WHAT TO WORK ON: For the records below, say how many lines contain the string "noteq". Give no other text.

Dataset excerpts
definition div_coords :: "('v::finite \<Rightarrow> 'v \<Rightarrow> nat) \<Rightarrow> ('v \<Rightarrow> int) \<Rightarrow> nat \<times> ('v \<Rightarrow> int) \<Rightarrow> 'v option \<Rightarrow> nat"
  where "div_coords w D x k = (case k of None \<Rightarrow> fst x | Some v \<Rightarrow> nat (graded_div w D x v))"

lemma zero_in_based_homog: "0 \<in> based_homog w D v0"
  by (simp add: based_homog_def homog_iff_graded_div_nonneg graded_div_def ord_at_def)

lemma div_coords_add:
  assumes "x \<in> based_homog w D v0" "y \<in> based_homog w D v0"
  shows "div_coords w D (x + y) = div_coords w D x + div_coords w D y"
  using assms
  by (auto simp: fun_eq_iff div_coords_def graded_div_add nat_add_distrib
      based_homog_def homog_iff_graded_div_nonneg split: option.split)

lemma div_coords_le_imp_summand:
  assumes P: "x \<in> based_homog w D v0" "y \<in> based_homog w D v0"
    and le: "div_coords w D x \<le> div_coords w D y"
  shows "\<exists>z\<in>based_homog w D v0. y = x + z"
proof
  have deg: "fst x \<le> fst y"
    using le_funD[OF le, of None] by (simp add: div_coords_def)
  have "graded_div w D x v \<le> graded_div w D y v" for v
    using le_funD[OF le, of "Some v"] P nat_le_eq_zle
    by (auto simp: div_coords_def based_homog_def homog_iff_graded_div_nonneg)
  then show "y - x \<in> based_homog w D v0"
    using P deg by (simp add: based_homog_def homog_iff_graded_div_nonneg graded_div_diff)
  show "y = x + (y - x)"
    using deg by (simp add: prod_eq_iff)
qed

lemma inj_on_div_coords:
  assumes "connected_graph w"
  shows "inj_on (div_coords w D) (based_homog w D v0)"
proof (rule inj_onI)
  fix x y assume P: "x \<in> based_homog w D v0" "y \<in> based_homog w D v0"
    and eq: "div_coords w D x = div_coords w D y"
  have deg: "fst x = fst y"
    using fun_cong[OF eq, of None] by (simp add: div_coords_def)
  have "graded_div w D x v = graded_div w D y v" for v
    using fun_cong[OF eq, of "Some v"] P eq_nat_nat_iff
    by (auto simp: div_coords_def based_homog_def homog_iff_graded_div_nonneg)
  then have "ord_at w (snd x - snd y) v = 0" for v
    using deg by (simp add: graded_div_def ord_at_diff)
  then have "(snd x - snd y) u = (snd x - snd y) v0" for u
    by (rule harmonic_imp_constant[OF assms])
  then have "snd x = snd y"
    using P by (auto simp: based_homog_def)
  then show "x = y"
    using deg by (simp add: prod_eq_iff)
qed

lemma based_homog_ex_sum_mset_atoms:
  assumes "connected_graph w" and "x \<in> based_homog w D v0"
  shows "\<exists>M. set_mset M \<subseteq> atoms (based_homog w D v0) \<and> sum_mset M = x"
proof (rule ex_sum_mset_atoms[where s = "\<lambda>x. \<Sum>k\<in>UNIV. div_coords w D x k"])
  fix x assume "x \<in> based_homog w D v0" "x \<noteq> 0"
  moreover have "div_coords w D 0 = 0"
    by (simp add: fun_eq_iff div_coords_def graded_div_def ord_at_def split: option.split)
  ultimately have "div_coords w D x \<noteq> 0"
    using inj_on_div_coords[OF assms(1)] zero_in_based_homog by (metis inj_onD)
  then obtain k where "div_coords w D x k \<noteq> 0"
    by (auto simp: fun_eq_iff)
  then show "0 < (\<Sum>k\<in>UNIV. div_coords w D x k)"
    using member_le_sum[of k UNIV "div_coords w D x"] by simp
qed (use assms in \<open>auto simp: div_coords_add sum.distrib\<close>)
--
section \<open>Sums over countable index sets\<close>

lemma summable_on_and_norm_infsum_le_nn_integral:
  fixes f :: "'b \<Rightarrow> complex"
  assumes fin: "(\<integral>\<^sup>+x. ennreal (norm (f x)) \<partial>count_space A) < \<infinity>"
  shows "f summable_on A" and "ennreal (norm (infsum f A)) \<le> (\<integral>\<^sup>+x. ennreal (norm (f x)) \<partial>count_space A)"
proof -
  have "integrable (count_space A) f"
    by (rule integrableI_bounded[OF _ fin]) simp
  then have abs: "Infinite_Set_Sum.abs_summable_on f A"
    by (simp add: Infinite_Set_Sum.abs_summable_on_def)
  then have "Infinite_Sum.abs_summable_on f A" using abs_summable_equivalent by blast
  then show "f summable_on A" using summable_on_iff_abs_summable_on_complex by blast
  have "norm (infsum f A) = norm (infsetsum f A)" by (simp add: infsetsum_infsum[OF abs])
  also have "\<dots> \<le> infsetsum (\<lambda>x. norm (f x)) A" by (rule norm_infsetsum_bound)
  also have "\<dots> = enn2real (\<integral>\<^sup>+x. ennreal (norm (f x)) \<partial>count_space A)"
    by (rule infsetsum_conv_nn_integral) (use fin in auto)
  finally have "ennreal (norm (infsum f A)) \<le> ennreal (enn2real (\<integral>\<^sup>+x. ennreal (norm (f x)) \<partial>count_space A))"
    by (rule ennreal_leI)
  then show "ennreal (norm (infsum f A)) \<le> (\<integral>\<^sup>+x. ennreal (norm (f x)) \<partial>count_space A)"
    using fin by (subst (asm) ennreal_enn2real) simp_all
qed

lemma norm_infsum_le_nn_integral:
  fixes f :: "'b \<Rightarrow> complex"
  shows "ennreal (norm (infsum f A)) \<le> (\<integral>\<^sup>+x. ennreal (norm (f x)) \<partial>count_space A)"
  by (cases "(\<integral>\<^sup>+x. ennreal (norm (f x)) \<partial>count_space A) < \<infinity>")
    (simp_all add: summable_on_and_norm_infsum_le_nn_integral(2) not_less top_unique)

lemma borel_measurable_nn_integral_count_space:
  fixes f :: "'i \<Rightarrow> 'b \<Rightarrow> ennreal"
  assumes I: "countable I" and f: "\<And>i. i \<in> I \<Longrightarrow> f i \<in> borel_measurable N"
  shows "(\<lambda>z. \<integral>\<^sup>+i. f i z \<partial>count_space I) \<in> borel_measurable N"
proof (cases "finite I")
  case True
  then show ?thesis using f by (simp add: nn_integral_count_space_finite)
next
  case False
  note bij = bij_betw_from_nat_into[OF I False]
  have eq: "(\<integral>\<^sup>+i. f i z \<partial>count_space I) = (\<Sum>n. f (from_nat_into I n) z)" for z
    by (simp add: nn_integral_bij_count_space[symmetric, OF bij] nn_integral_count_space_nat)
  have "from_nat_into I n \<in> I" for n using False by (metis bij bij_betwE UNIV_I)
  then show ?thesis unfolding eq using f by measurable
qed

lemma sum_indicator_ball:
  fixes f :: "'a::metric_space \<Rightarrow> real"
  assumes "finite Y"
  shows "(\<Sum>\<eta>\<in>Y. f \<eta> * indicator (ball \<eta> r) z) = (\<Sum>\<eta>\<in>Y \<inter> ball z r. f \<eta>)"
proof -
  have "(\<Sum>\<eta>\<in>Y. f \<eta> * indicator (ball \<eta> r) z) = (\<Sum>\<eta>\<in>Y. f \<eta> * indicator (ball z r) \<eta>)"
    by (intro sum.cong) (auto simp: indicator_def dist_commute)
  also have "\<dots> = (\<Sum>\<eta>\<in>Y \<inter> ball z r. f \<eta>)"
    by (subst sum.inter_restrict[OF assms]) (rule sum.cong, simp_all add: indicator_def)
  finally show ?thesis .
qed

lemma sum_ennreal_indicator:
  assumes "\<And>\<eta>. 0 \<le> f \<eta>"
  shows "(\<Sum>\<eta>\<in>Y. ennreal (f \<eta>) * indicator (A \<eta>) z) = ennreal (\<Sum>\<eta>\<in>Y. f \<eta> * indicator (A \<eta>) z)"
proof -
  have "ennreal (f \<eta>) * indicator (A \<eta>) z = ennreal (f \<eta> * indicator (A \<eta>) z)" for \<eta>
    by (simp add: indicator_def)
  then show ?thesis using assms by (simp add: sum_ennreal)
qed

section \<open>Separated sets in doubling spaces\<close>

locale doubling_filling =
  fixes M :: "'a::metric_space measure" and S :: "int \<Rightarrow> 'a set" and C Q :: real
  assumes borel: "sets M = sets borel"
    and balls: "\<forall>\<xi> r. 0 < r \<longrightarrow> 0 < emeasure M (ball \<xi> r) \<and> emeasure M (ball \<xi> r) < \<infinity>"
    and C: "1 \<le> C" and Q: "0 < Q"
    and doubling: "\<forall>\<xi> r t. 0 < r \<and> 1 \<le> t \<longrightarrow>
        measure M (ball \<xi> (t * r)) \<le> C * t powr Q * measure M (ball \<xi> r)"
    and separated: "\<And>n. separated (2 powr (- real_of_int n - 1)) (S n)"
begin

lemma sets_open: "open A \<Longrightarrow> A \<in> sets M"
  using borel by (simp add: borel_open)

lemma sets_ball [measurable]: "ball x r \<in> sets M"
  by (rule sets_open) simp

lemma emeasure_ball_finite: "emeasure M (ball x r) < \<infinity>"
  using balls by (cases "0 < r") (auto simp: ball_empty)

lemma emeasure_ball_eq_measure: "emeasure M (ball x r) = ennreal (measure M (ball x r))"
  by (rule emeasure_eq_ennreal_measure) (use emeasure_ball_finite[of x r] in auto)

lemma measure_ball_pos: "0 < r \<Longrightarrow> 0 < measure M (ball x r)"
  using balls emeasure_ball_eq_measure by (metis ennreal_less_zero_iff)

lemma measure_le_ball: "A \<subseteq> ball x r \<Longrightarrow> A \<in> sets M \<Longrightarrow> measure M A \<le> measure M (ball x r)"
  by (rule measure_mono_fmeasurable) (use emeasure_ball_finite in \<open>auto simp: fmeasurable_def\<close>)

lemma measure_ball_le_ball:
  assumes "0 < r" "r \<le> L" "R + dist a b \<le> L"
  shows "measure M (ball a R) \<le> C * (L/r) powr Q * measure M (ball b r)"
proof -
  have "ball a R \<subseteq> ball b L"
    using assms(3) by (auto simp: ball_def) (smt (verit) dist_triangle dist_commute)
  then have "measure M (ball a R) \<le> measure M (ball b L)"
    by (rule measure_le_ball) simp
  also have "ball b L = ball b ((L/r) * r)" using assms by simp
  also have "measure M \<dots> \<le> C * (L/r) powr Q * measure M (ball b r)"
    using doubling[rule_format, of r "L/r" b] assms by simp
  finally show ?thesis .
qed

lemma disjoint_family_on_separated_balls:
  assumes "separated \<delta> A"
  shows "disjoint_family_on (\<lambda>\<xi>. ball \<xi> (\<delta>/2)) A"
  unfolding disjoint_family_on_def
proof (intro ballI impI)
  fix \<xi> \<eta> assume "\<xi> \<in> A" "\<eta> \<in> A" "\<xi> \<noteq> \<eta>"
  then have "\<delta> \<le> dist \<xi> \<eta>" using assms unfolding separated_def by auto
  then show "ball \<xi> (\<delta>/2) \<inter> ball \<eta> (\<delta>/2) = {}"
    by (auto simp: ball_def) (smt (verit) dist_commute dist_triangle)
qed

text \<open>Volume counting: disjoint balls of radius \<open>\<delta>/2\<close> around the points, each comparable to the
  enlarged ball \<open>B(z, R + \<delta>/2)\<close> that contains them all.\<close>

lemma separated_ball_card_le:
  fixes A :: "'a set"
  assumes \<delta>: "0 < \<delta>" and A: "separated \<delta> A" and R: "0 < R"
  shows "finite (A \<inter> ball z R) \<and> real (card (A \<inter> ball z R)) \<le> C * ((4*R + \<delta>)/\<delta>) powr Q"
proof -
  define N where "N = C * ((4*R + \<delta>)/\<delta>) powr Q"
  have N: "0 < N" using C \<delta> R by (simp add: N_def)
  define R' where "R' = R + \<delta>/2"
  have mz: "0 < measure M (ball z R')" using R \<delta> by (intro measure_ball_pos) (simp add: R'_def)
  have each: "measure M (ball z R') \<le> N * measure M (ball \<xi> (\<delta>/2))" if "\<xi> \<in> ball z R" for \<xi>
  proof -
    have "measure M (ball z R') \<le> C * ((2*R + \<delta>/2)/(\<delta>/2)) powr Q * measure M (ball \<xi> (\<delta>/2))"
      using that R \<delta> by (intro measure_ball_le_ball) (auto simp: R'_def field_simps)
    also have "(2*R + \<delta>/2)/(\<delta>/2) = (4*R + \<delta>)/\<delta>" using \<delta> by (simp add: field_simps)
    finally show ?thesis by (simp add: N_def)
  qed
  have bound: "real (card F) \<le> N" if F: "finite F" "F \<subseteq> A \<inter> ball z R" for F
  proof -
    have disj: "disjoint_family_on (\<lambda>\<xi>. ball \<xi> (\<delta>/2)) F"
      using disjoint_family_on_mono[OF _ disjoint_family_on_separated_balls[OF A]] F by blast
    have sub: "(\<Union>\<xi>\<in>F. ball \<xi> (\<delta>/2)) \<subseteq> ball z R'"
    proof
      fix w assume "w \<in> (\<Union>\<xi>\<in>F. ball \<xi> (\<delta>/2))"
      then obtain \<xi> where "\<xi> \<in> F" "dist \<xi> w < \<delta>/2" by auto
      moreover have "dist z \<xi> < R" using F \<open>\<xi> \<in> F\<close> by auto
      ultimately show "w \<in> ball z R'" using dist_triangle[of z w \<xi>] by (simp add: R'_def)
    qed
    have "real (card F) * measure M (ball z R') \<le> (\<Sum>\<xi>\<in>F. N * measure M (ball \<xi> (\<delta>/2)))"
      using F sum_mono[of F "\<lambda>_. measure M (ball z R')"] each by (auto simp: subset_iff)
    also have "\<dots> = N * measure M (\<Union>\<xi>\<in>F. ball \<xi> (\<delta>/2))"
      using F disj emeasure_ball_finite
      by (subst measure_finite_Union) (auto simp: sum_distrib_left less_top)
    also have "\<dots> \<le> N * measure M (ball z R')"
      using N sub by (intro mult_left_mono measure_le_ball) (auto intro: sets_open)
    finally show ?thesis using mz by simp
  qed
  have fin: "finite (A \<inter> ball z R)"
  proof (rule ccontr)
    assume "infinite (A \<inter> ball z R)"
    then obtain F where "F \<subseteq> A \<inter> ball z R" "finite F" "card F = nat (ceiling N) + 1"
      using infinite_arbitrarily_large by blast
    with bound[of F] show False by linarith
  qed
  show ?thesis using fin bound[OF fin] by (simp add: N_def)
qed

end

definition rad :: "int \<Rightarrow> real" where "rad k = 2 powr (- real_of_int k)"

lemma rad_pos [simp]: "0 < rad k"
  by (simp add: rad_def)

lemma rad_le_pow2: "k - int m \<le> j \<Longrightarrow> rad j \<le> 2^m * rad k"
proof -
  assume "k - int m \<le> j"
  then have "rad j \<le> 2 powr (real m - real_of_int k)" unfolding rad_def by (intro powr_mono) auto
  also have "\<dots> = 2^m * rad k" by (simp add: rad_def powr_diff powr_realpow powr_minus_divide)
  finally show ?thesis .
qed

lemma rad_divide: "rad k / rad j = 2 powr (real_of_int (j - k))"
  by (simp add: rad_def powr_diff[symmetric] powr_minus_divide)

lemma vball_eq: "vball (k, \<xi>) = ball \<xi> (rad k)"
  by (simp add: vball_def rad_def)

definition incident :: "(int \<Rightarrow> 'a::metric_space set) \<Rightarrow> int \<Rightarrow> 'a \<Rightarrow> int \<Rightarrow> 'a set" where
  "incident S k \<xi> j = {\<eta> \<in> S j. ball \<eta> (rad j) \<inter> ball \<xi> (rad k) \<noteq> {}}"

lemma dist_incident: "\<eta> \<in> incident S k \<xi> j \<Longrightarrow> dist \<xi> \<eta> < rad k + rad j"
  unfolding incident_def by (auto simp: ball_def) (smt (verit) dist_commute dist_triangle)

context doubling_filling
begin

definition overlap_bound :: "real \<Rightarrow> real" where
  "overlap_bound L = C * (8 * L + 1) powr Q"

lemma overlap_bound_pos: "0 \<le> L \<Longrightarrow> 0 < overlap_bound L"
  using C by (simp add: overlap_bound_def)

YOUR RESPONSE: 5